Here is a useful reference for Microchip packages: http://ww1.microchip.com/downloads/en/PackagingSpec/00000049BQ.pdf

While the data therein may apply to other manufacturers, it is still advised to check for a specific chip.

John
 

tomizett

Active Member
We've all done it. It's a standing joke at work that I'll order something that looks right in the picture but is completely the wrong size.
SOT23 vs. SOT232 is a classic...
 

jpanhalt

Well-Known Member
Most Helpful Member
It has not been mentioned yet in this thread, but adapters are available for many of the surface mount sizes. One brand Schmartboard (http://schmartboard.com/ ), despite the hokey name, has milled grooves for what's left of the leads. They facilitate alignment and soldering. I have no relationship to that company, but I have used its boards for QFN chips.
 

schmitt trigger

Well-Known Member
The key to soldering small SMT components ARE THE TOOLS.
Specifically, a good temperature controlled soldering iron with a very fine tip, thin gage solder, and a sturdy board vise to hold it steadily while you manipulate it. Don't forget the tweezers.

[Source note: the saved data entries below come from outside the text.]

(* Let $G_1, G_2$ be two graphs on the same vertex set $V$. Let $A \subseteq S(G_1) \cap S(G_2)$ and $B\subseteq V$ be such that $N_{G_1}(B) \cup N_{G_2}(B) \subseteq A$. Suppose $E(G_1) \triangle E(G_2) \subseteq \binom{A \cup B}{2}$. Then \[ S(G_1) \setminus B = S(G_2)\setminus B,\quad P(G_1) \setminus B = P(G_2) \setminus B,\quad R(G_1) \setminus B = R(G_2) \setminus B. \] Moreover, for any vertex $w \in V \setminus B$, we have $C_w(G_1) = C_w(G_2) \subseteq V \setminus (A \cup B)$, $G_1[C_w(G_1)] = G_2[C_w(G_2)]$, and $R(G_1) \cap C_w(G_1) = R(G_2) \cap C_w(G_2)$.
   Context: For a graph $G$ and $X\subseteq V(G)$, $N_G(X)=\{x\in V(G)\setminus X: xy\in E(G)\text{ for some }y\in X\}$ and $N_G(x)=N_G(\{x\})$. The strong $4$-core $S(G)$ is the maximal $X\subseteq V(G)$ with $|N_G(x)\cap X|\ge4$ for all $x\in X\cup N_G(X)$; $P(G)=N_G(S(G))$ and $R(G)=V(G)\setminus(S(G)\cup P(G))$. For $w\in P(G)\cup R(G)$, $C_w(G)$ is the vertex set of the connected component of $G[P(G)\cup R(G)]$ containing $w$; for $w\in S(G)$, $C_w(G)=\varnothing$. $\triangle$ denotes symmetric difference. *)

theory Defs
  imports Main
begin

definition graph :: "'a set \<Rightarrow> 'a set set \<Rightarrow> bool" where
  "graph V E \<longleftrightarrow> finite V \<and> (\<forall>e\<in>E. e \<subseteq> V \<and> card e = 2)"

definition nbhd :: "'a set \<Rightarrow> 'a set set \<Rightarrow> 'a set \<Rightarrow> 'a set" where
  "nbhd V E X = {x \<in> V - X. \<exists>y\<in>X. {x, y} \<in> E}"

definition nbhdv :: "'a set \<Rightarrow> 'a set set \<Rightarrow> 'a \<Rightarrow> 'a set" where
  "nbhdv V E x = nbhd V E {x}"

definition strong4 :: "'a set \<Rightarrow> 'a set set \<Rightarrow> 'a set \<Rightarrow> bool" where
  "strong4 V E X \<longleftrightarrow> X \<subseteq> V \<and>
     (\<forall>x \<in> X \<union> nbhd V E X. card (nbhdv V E x \<inter> X) \<ge> 4)"

text \<open>The strong 4-core: the maximal such set. The property is closed under unions,
  so the maximal set is the union of all of them.\<close>
definition Score :: "'a set \<Rightarrow> 'a set set \<Rightarrow> 'a set" where
  "Score V E = \<Union>{X. strong4 V E X}"

definition Pset :: "'a set \<Rightarrow> 'a set set \<Rightarrow> 'a set" where
  "Pset V E = nbhd V E (Score V E)"

definition Rset :: "'a set \<Rightarrow> 'a set set \<Rightarrow> 'a set" where
  "Rset V E = V - (Score V E \<union> Pset V E)"

definition adj_in :: "'a set set \<Rightarrow> 'a set \<Rightarrow> 'a \<Rightarrow> 'a \<Rightarrow> bool" where
  "adj_in E U x y \<longleftrightarrow> x \<in> U \<and> y \<in> U \<and> {x, y} \<in> E"

definition Comp :: "'a set \<Rightarrow> 'a set set \<Rightarrow> 'a \<Rightarrow> 'a set" where
  "Comp V E w = (if w \<in> Pset V E \<union> Rset V E
     then {v. (adj_in E (Pset V E \<union> Rset V E))\<^sup>*\<^sup>* w v}
     else {})"

definition induced :: "'a set set \<Rightarrow> 'a set \<Rightarrow> 'a set set" where
  "induced E C = {e \<in> E. e \<subseteq> C}"

end

theory Submission
  imports Defs
begin

text \<open>Vertices outside \<open>A \<union> B\<close> have the same neighbourhood in both graphs, and this
  neighbourhood avoids \<open>B\<close> because \<open>N(B) \<subseteq> A\<close>. Hence \<open>(S(G\<^sub>1) - B) \<union> S(G\<^sub>2)\<close> satisfies the
  strong 4-core condition in \<open>G\<^sub>2\<close>: vertices in or next to \<open>S(G\<^sub>2)\<close> inherit it from \<open>S(G\<^sub>2)\<close>,
  the remaining vertices outside \<open>A \<union> B\<close> inherit it from \<open>S(G\<^sub>1)\<close>, and no vertex of \<open>B\<close> can
  be adjacent to the set without being adjacent to \<open>S(G\<^sub>2)\<close>, since its neighbours outside \<open>B\<close>
  lie in \<open>N(B) \<subseteq> A \<subseteq> S(G\<^sub>2)\<close>. By maximality and symmetry the cores agree off \<open>B\<close>, which
  gives \<open>P\<close> and \<open>R\<close>. A path in \<open>G[P \<union> R]\<close> starting outside \<open>B\<close> stays outside \<open>A\<close>, so it
  never enters \<open>B\<close> and uses only edges common to both graphs.\<close>

lemma mem_nbhd_iff: "x \<in> nbhd V E X \<longleftrightarrow> x \<in> V \<and> x \<notin> X \<and> (\<exists>y\<in>X. {x, y} \<in> E)"
  unfolding nbhd_def by blast

lemma mem_nbhdv_iff: "v \<in> nbhdv V E x \<longleftrightarrow> v \<in> V \<and> v \<noteq> x \<and> {x, v} \<in> E"
  unfolding nbhdv_def nbhd_def by (auto simp: insert_commute)

lemma mem_nbhd_iff_nbhdv:
  assumes "X \<subseteq> V"
  shows "x \<in> nbhd V E X \<longleftrightarrow> x \<in> V - X \<and> nbhdv V E x \<inter> X \<noteq> {}"
  using assms by (auto simp: mem_nbhd_iff mem_nbhdv_iff disjoint_iff)

lemma nbhdv_disjoint_if_nbhd_subset:
  assumes "nbhd V E B \<subseteq> A" and "x \<in> V - (A \<union> B)"
  shows "nbhdv V E x \<inter> B = {}"
proof -
  have "x \<notin> nbhd V E B" using assms by blast
  then show ?thesis using assms by (auto simp: mem_nbhd_iff mem_nbhdv_iff)
qed

lemma Score_subset: "Score V E \<subseteq> V"
  unfolding Score_def strong4_def by blast

lemma strong4_imp_subset_Score: "strong4 V E X \<Longrightarrow> X \<subseteq> Score V E"
  unfolding Score_def by blast

lemma strong4_Score:
  assumes "finite V"
  shows "strong4 V E (Score V E)"
  unfolding strong4_def
proof (intro conjI ballI)
  show "Score V E \<subseteq> V" by (fact Score_subset)
  fix x assume x: "x \<in> Score V E \<union> nbhd V E (Score V E)"
  obtain Y where Y: "strong4 V E Y" "x \<in> Y \<union> nbhd V E Y"
    using x unfolding Score_def nbhd_def by blast
  have "4 \<le> card (nbhdv V E x \<inter> Y)"
    using Y unfolding strong4_def by blast
  also have "\<dots> \<le> card (nbhdv V E x \<inter> Score V E)"
    using strong4_imp_subset_Score[OF Y(1)] finite_subset[OF Score_subset assms]
    by (intro card_mono) auto
  finally show "4 \<le> card (nbhdv V E x \<inter> Score V E)" .
qed

lemma Pset_Un_Rset: "Pset V E \<union> Rset V E = V - Score V E"
  unfolding Rset_def Pset_def nbhd_def by blast

definition edges_agree_outside :: "'a set set \<Rightarrow> 'a set set \<Rightarrow> 'a set \<Rightarrow> bool" where
  "edges_agree_outside E1 E2 C \<longleftrightarrow> (\<forall>e. \<not> e \<subseteq> C \<longrightarrow> (e \<in> E1 \<longleftrightarrow> e \<in> E2))"

lemma edges_agree_outside_sym:
  "edges_agree_outside E1 E2 C \<Longrightarrow> edges_agree_outside E2 E1 C"
  unfolding edges_agree_outside_def by blast

lemma edges_agree_outsideD:
  "edges_agree_outside E1 E2 C \<Longrightarrow> x \<notin> C \<Longrightarrow> {x, y} \<in> E1 \<longleftrightarrow> {x, y} \<in> E2"
  unfolding edges_agree_outside_def by blast

lemma nbhdv_eq_if_edges_agree_outside:
  "edges_agree_outside E1 E2 C \<Longrightarrow> x \<notin> C \<Longrightarrow> nbhdv V E1 x = nbhdv V E2 x"
  by (auto simp: mem_nbhdv_iff dest: edges_agree_outsideD)

lemma induced_eq_if_edges_agree_outside:
  assumes "edges_agree_outside E1 E2 C" and "{} \<notin> E1" and "{} \<notin> E2" and "U \<inter> C = {}"
  shows "induced E1 U = induced E2 U"
proof -
  have "e \<in> E1 \<longleftrightarrow> e \<in> E2" if "e \<subseteq> U" for e
    using assms that unfolding edges_agree_outside_def by (cases "e = {}") blast+
  then show ?thesis unfolding induced_def by blast
qed

lemma nbhd_diff_subset: "nbhd V E (Y - B) \<subseteq> Y \<union> nbhd V E Y"
  by (auto simp: mem_nbhd_iff)

lemma mem_Un_nbhd_if_nbhdv_eq:
  assumes "Y \<subseteq> V" and "Z \<subseteq> V" and "nbhdv V E1 x = nbhdv V E2 x"
    and "x \<in> (Y \<union> Z) \<union> nbhd V E2 (Y \<union> Z)" and "x \<notin> Z \<union> nbhd V E2 Z"
  shows "x \<in> Y \<union> nbhd V E1 Y"
proof (cases "x \<in> Y")
  case False
  have "Y \<union> Z \<subseteq> V" using assms(1,2) by blast
  then have "x \<in> V" and "nbhdv V E2 x \<inter> (Y \<union> Z) \<noteq> {}"
    using assms(4,5) False mem_nbhd_iff_nbhdv[of "Y \<union> Z"] by auto
  moreover have "nbhdv V E2 x \<inter> Z = {}"
    using assms(5) \<open>x \<in> V\<close> mem_nbhd_iff_nbhdv[OF assms(2)] by blast
  ultimately show ?thesis
    using False assms(3) mem_nbhd_iff_nbhdv[OF assms(1)] by blast
qed simp

lemma Un_nbhd_diff_Un_subset:
  assumes "Y \<subseteq> V" and "A \<subseteq> Z" and "nbhd V E B \<subseteq> A"
  shows "((Y - B) \<union> Z) \<union> nbhd V E ((Y - B) \<union> Z) \<subseteq> Z \<union> nbhd V E Z \<union> (V - (A \<union> B))"
proof
  fix x assume x: "x \<in> ((Y - B) \<union> Z) \<union> nbhd V E ((Y - B) \<union> Z)"
  show "x \<in> Z \<union> nbhd V E Z \<union> (V - (A \<union> B))"
  proof (cases "x \<in> Z \<union> nbhd V E Z")
    case off_Z: False
    have "x \<in> V" "x \<notin> A" using x off_Z assms(1,2) by (auto simp: mem_nbhd_iff)
    moreover have "x \<notin> B"
    proof
      assume "x \<in> B"
      then obtain y where y: "y \<in> Y - B" "{x, y} \<in> E"
        using x off_Z \<open>x \<in> V\<close> by (auto simp: mem_nbhd_iff)
      then have "y \<in> nbhd V E B"
        using \<open>x \<in> B\<close> assms(1) by (auto simp: mem_nbhd_iff insert_commute)
      then have "y \<in> Z" using assms(2,3) by blast
      then show False using off_Z y \<open>x \<in> V\<close> by (auto simp: mem_nbhd_iff)
    qed
    ultimately show ?thesis by blast
  qed blast
qed

lemma strong4_Score_diff_Un:
  assumes fin: "finite V" and A2: "A \<subseteq> Score V E2"
    and N1: "nbhd V E1 B \<subseteq> A" and N2: "nbhd V E2 B \<subseteq> A"
    and agree: "edges_agree_outside E1 E2 (A \<union> B)"
  shows "strong4 V E2 ((Score V E1 - B) \<union> Score V E2)"
proof -
  define S1 where "S1 = Score V E1"
  define S2 where "S2 = Score V E2"
  define X where "X = (S1 - B) \<union> S2"
  have S1V: "S1 \<subseteq> V" and S2V: "S2 \<subseteq> V"
    unfolding S1_def S2_def by (fact Score_subset)+
  then have XV: "X \<subseteq> V" unfolding X_def by blast
  have "strong4 V E2 X"
    unfolding strong4_def
  proof (intro conjI ballI)
    show "X \<subseteq> V" by (fact XV)
    fix x assume xX: "x \<in> X \<union> nbhd V E2 X"
    have fin_X: "finite (nbhdv V E2 x \<inter> X)"
      using finite_subset[OF XV fin] by simp
    show "4 \<le> card (nbhdv V E2 x \<inter> X)"
    proof (cases "x \<in> S2 \<union> nbhd V E2 S2")
      case True
      then have "4 \<le> card (nbhdv V E2 x \<inter> S2)"
        using strong4_Score[OF fin, of E2] unfolding strong4_def S2_def by blast
      also have "\<dots> \<le> card (nbhdv V E2 x \<inter> X)"
        using fin_X by (intro card_mono) (auto simp: X_def)
      finally show ?thesis .
    next
      case off_S2: False
      have x_out: "x \<in> V - (A \<union> B)"
        using Un_nbhd_diff_Un_subset[OF S1V _ N2, of S2] A2 xX off_S2
        unfolding S2_def X_def by blast
      have same: "nbhdv V E1 x = nbhdv V E2 x"
        using nbhdv_eq_if_edges_agree_outside[OF agree] x_out by blast
      have avoid_B: "nbhdv V E1 x \<inter> B = {}"
        using nbhdv_disjoint_if_nbhd_subset[OF N1 x_out] .
      have "S1 - B \<subseteq> V" using S1V by blast
      then have "x \<in> (S1 - B) \<union> nbhd V E1 (S1 - B)"
        using mem_Un_nbhd_if_nbhdv_eq[OF _ S2V same xX[unfolded X_def] off_S2] by blast
      then have "x \<in> S1 \<union> nbhd V E1 S1"
        using nbhd_diff_subset[of V E1 S1 B] by blast
      then have "4 \<le> card (nbhdv V E1 x \<inter> S1)"
        using strong4_Score[OF fin, of E1] unfolding strong4_def S1_def by blast
      also have "\<dots> \<le> card (nbhdv V E2 x \<inter> X)"
        using fin_X same avoid_B by (intro card_mono) (auto simp: X_def)
      finally show ?thesis .
    qed
  qed
  then show ?thesis unfolding X_def S1_def S2_def .
qed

And....unless you have an eagle's sharp eyesight, a good illuminated magnifying glass is also a must. I cannot overemphasize the fact that the magnifier has to have good optics, there are many cheap e-bay stuff that have terrible optical characteristics which render them useless.
An option is an USB microscope. Google the term.
 

camerart

Active Member
We've all done it. It's a standing joke at work that I'll order something that looks right in the picture but is completely the wrong size.
SOT23 vs. SOT232 is a classic...
Hi T,
It would be handy if there was something in the image to help guage the size.
C
 

camerart

Active Member
Hi all,
I watched the video, very handy.
Previously, I have a USB microscope, plus a work station with hot air blower, also some solder paste.
I was hoping to first clean the PCB, then try to gauge the correct amount of paste, then heat till the component drops through the paste.
C.
 

ci139

Active Member
yes, i just recall how difficult is with only two hands to keep all components at the position (relative to PCB glass fiber surface elevated pads) provide the flux and do a precision solder on leads you barely guess/distinguish the v(x,y,z)-s
https://hackaday.com/2014/01/05/testing-the-limits-of-home-pcb-etching/
where i live the access to HNO₃ might be difficult (with no much chemist experience) + i won't even consider setting up an extended fire risk at my house/apartment
 

camerart

Active Member
yes, i just recall how difficult is with only two hands to keep all components at the position (relative to PCB glass fiber surface elevated pads) provide the flux and do a precision solder on leads you barely guess/distinguish the v(x,y,z)-s
https://hackaday.com/2014/01/05/testing-the-limits-of-home-pcb-etching/
where i live the access to HNO₃ might be difficult (with no much chemist experience) + i won't even consider setting up an extended fire risk at my house/apartment
Hi C,
I've never used solder paste with such small components, but hopefully, I will only need two hands (my full complement) one for the pin and one for the hot air blower, having cleaned the PCb with liquid flux beforehand.
I'll let you know how I get on. I'm still struggling routing the PCb at the moment.
C.
 

throbscottle

Well-Known Member
It's a lot less scary once you've done it a few times. Use the Flux, Luke...
 

kubeek

Well-Known Member
Most Helpful Member
wow, a 135w CFL bulb should be comparable to about 700w incandescent i guess. That is way too much light for just about any room.
 

camerart

Active Member
wow, a 135w CFL bulb should be comparable to about 700w incandescent i guess. That is way too much light for just about any room.
Hi K,
After further reading, it was explained that the bulb is not tuned for full capacity, but set to 65W.
It is bright.
C.
 

camerart

Active Member
??? or gets blown off by the hot gust
Hi Ci,
After carefully soldering the Barometer modules, and removing the holding down pin, I noticed that the solder wasn't quite 'soaked' so I aimed the hot air at it again, without holding. When the solder melted, the module actually moved towards the jet, and centralised better.
C.
 

ci139

Active Member
we can suppose there are two factors behind it (•) the melted first direction having least resistance/drag (••) the net surface tension combined with the weight of the chip with the number of pins and the symmetry of the chip ?? also the intensity of the air flow - - - just a best guess
 

throbscottle

Well-Known Member
Pretty sure it's mainly surface tension that does it.
 

camerart

Active Member
Pretty sure it's mainly surface tension that does it.
Hi,
I've read a few times that it is surface tension, but I was surprised that it moved towards the jet, as I was aiming at the side. I didn't actually think the 'far' side PADs solder would melt.
C.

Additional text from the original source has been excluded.